* TO DO *
What you need to produce from the material below is an exact transcription of the lines from the one with "using leaves_germ_parents[OF that]" through the one with "(\<Sum>b\<in>germ_parents r. pw b)", both included, and no other line.

* DATA FOR THIS TASK *
lemma mem_critical_cone_imp_aligned:
  assumes "w \<in> critical_cone s u" and prod: "u$i * u$j = s$i * s$j"
  shows "Z$i$j * (u$i * w$j + w$i * u$j) = \<bar>u$i * w$j + w$i * u$j\<bar>"
proof (cases "s$i = 0 \<or> s$j = 0")
  case True
  then show ?thesis
    using assms(1) target_zero_imp_zero by (auto simp: critical_cone_def)
next
  case False
  have ray: "sgn (u$k) * w$k \<le> 0" if "s$k \<noteq> 0" "\<bar>u$k\<bar> = \<bar>s$k\<bar>" for k
    using assms(1) that mem_sgn_ray_iff[of "u$k" "w$k"] by (auto simp: critical_cone_def)
  from False have "\<bar>u$i\<bar> = \<bar>s$i\<bar>" "\<bar>u$j\<bar> = \<bar>s$j\<bar>"
    using abs_eq_abs_target_if_mult_eq[of i j] abs_eq_abs_target_if_mult_eq[of j i] prod
    by (auto simp: mult.commute)
  with False ray[of i] ray[of j] show ?thesis
    using tight_pair_aligned_iff[OF prod] by (simp add: add_nonpos_nonpos mult_nonneg_nonpos)
qed

lemma dirderiv_obj_eq_0_iff_mem_critical_cone:
  assumes "u \<noteq> 0"
  shows "dirderiv (obj s) u w = 0 \<longleftrightarrow> w \<in> critical_cone s u"
  using dirderiv_obj_eq_0_iff aligned_imp_mem_critical_cone[OF assms]
    mem_critical_cone_imp_aligned by blast

end
lemma sum_pw_germ_parents: "(\<Sum>s\<in>germ_parents t. pw s) = (real (leaves t) - 1) * pw t"
proof (induction t)
  case Leaf
  show ?case by (simp add: germ_parents_Leaf)
next
  case (Node l r)
  show ?case
  proof (cases "l = Leaf \<and> r = Leaf")
    case True
    then show ?thesis by (simp add: germ_parents_Node)
  next
    case False
    define L where "L = real (leaves l + leaves r)"
    have "L > 2"
      using False leaves_pos[of l] leaves_pos[of r] leaves_eq_1_iff[of l] leaves_eq_1_iff[of r]
      unfolding L_def by linarith
    have pw_left: "pw (Node a r) = pw a * (pw r / (L - 2))" if "a \<in> germ_parents l" for a
      using leaves_germ_parents[OF that] unfolding L_def by simp
    have pw_right: "pw (Node l b) = pw b * (pw l / (L - 2))" if "b \<in> germ_parents r" for b
      using leaves_germ_parents[OF that, symmetric] unfolding L_def by (simp add: mult.commute)
    have "(\<Sum>s\<in>germ_parents (Node l r). pw s)
        = (\<Sum>a\<in>germ_parents l. pw (Node a r)) + (\<Sum>b\<in>germ_parents r. pw (Node l b))"
      using False by (rule sum_germ_parents_Node)
    also have "\<dots> = (\<Sum>a\<in>germ_parents l. pw a) * (pw r / (L - 2))
                   + (\<Sum>b\<in>germ_parents r. pw b) * (pw l / (L - 2))"
      by (simp only: sum.cong[OF refl pw_left] sum.cong[OF refl pw_right] sum_distrib_right)
    also have "\<dots> = (real (leaves l) - 1) * pw l * (pw r / (L - 2))
                   + (real (leaves r) - 1) * pw r * (pw l / (L - 2))"
      by (simp only: Node.IH)
    also have "\<dots> = pw l * pw r * ((real (leaves l) - 1) + (real (leaves r) - 1)) / (L - 2)"
      by (simp add: add_divide_distrib[symmetric] algebra_simps)
    also have "\<dots> = pw l * pw r"
      using \<open>L > 2\<close> unfolding L_def by simp
    also have "\<dots> = (real (leaves (Node l r)) - 1) * pw (Node l r)"
      using \<open>L > 2\<close> unfolding L_def by simp
    finally show ?thesis .
  qed
qed
(* Let $a\in[-1,1)$ and $\psi_a=\mathds{1}_{[a,1]}$ on $[-1,1]$. Write $P_{\mathcal{A}_+}(\psi_a)=\sum_{n=0}^\infty c_nt^n$ with $c_n\ge0$, and let $S(a)=\{n\in\mathbb{N}:c_n>0\}$. Then $S(a)=\{0,1,2,3\}$ if and only if $\frac1{\sqrt5}<a<\frac{\sqrt{105}-5}{10}$. Moreover, for every such $a$, \[ P_{\mathcal{A}_+}(\psi_a)=\frac18(1-a)(4-5a-5a^2)+\frac{15}{32}(1-a^2)(3-7a^2)t+\frac{15}{8}a(1-a^2)t^2+\frac{35}{32}(1-a^2)(5a^2-1)t^3. \]
   Context: $\mathbb{N}=\{0,1,2,\dots\}$. $\psi_a(t)=0$ for $t\in[-1,a)$ and $\psi_a(t)=1$ for $t\in[a,1]$. $\mathcal{A}_+=\{\sum_{n=0}^\infty a_nt^n : a_n\ge0,\ \text{the series converges in }L^2([-1,1])\}$ (real $L^2$ for Lebesgue measure, convergence of partial sums); it is a closed convex cone, $P_{\mathcal{A}_+}$ denotes the metric projection onto it (the unique nearest point), and every element of $\mathcal{A}_+$ has a unique representation $\sum_n c_nt^n$ with $c_n\ge0$. *)

theory Defs
  imports "HOL-Analysis.Analysis"
begin

definition psi :: "real \<Rightarrow> real \<Rightarrow> real" where
  "psi a t = (if a \<le> t then 1 else 0)"

definition L2 :: "(real \<Rightarrow> real) \<Rightarrow> bool" where
  "L2 f \<longleftrightarrow> f \<in> borel_measurable lborel \<and>
     set_integrable lborel {-1..1} (\<lambda>t. (f t)\<^sup>2)"

definition L2dist2 :: "(real \<Rightarrow> real) \<Rightarrow> (real \<Rightarrow> real) \<Rightarrow> real" where
  "L2dist2 f g = (LINT t:{-1..1}|lborel. (f t - g t)\<^sup>2)"

definition series_L2 :: "(nat \<Rightarrow> real) \<Rightarrow> (real \<Rightarrow> real) \<Rightarrow> bool" where
  "series_L2 c g \<longleftrightarrow> L2 g \<and>
     (\<lambda>N. L2dist2 g (\<lambda>t. \<Sum>n<N. c n * t ^ n)) \<longlonglongrightarrow> 0"
(* Let $\gamma > 1.755$ and let $I$ be a $\gamma$-stable instance of the metric Steiner tree problem with optimal Steiner tree $\mathrm{OPT}$, such that no two Steiner points are adjacent in $\mathrm{OPT}$. Let $H$ be a subgraph of $\mathrm{OPT}$. Suppose $T(a, \bar b)$, with $\bar b = (b_1, \ldots, b_m)$, is a terminal component fan relative to $H$ such that: (i) the average weight of $T(a, \bar b)$ is less than the weight of every edge not in $H$ that connects two distinct terminal components of $H$; (ii) the average weight of $T(a, \bar b)$ is minimal among the average weights of all terminal component fans relative to $H$; (iii) the edges of $T(a, \bar b)$ are all within a factor of $\frac{1}{\gamma - 1}$ of each other, i.e. $w_{ab_i} \le \frac{1}{\gamma - 1} w_{ab_j}$ for all $i, j$. Then $T(a, \bar b)$ is a subgraph of $\mathrm{OPT}$, i.e. $ab_i$ is an edge of $\mathrm{OPT}$ for every $i$.
   Context: An instance of the metric Steiner tree problem consists of a finite set $V$ of points of a metric space with metric $d$, a set $T \subseteq V$ of terminals, and the complete graph on $V$ with edge weights $w_{uv} = d(u,v)$. Points of $V \setminus T$ are Steiner points. A Steiner tree is a tree in this complete graph whose vertex set contains all of $T$; its weight is the sum of its edge weights. For $\gamma > 1$, the instance is $\gamma$-stable if it has a minimum-weight Steiner tree $\mathrm{OPT}$ such that for every $w' : V \times V \to \mathbb{R}_{\ge 0}$ with $w_{uv} \le w'_{uv} \le \gamma w_{uv}$ for all $u,v$, every minimum-weight Steiner tree with respect to $w'$ equals $\mathrm{OPT}$. For vertices $a$ and $\bar b = (b_1, \ldots, b_m)$ with $m \ge 2$, $T(a, \bar b)$ denotes the star on vertex set $\{a, b_1, \ldots, b_m\}$ with edges $ab_1, \ldots, ab_m$; its average weight is $\frac{\sum_{i=1}^m w_{ab_i}}{m - 1}$. For a subgraph $H$ of $\mathrm{OPT}$, the terminal components of $H$ are the connected components of $H$ together with the terminals not in $V(H)$ (each as a singleton). $T(a, \bar b)$ is a terminal component fan relative to $H$ if $a$ is a Steiner point and each $b_i$ is either a terminal or a vertex of a connected component of $H$ having at least two vertices, with the $b_i$ lying in pairwise distinct terminal components of $H$. *)

theory Defs
  imports "HOL-Analysis.Analysis"
begin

* OUTPUT FOR THIS EXERCISE *
      using leaves_germ_parents[OF that] unfolding L_def by simp
    have pw_right: "pw (Node l b) = pw b * (pw l / (L - 2))" if "b \<in> germ_parents r" for b
      using leaves_germ_parents[OF that, symmetric] unfolding L_def by (simp add: mult.commute)
    have "(\<Sum>s\<in>germ_parents (Node l r). pw s)
        = (\<Sum>a\<in>germ_parents l. pw (Node a r)) + (\<Sum>b\<in>germ_parents r. pw (Node l b))"
      using False by (rule sum_germ_parents_Node)
    also have "\<dots> = (\<Sum>a\<in>germ_parents l. pw a) * (pw r / (L - 2))
                   + (\<Sum>b\<in>germ_parents r. pw b) * (pw l / (L - 2))"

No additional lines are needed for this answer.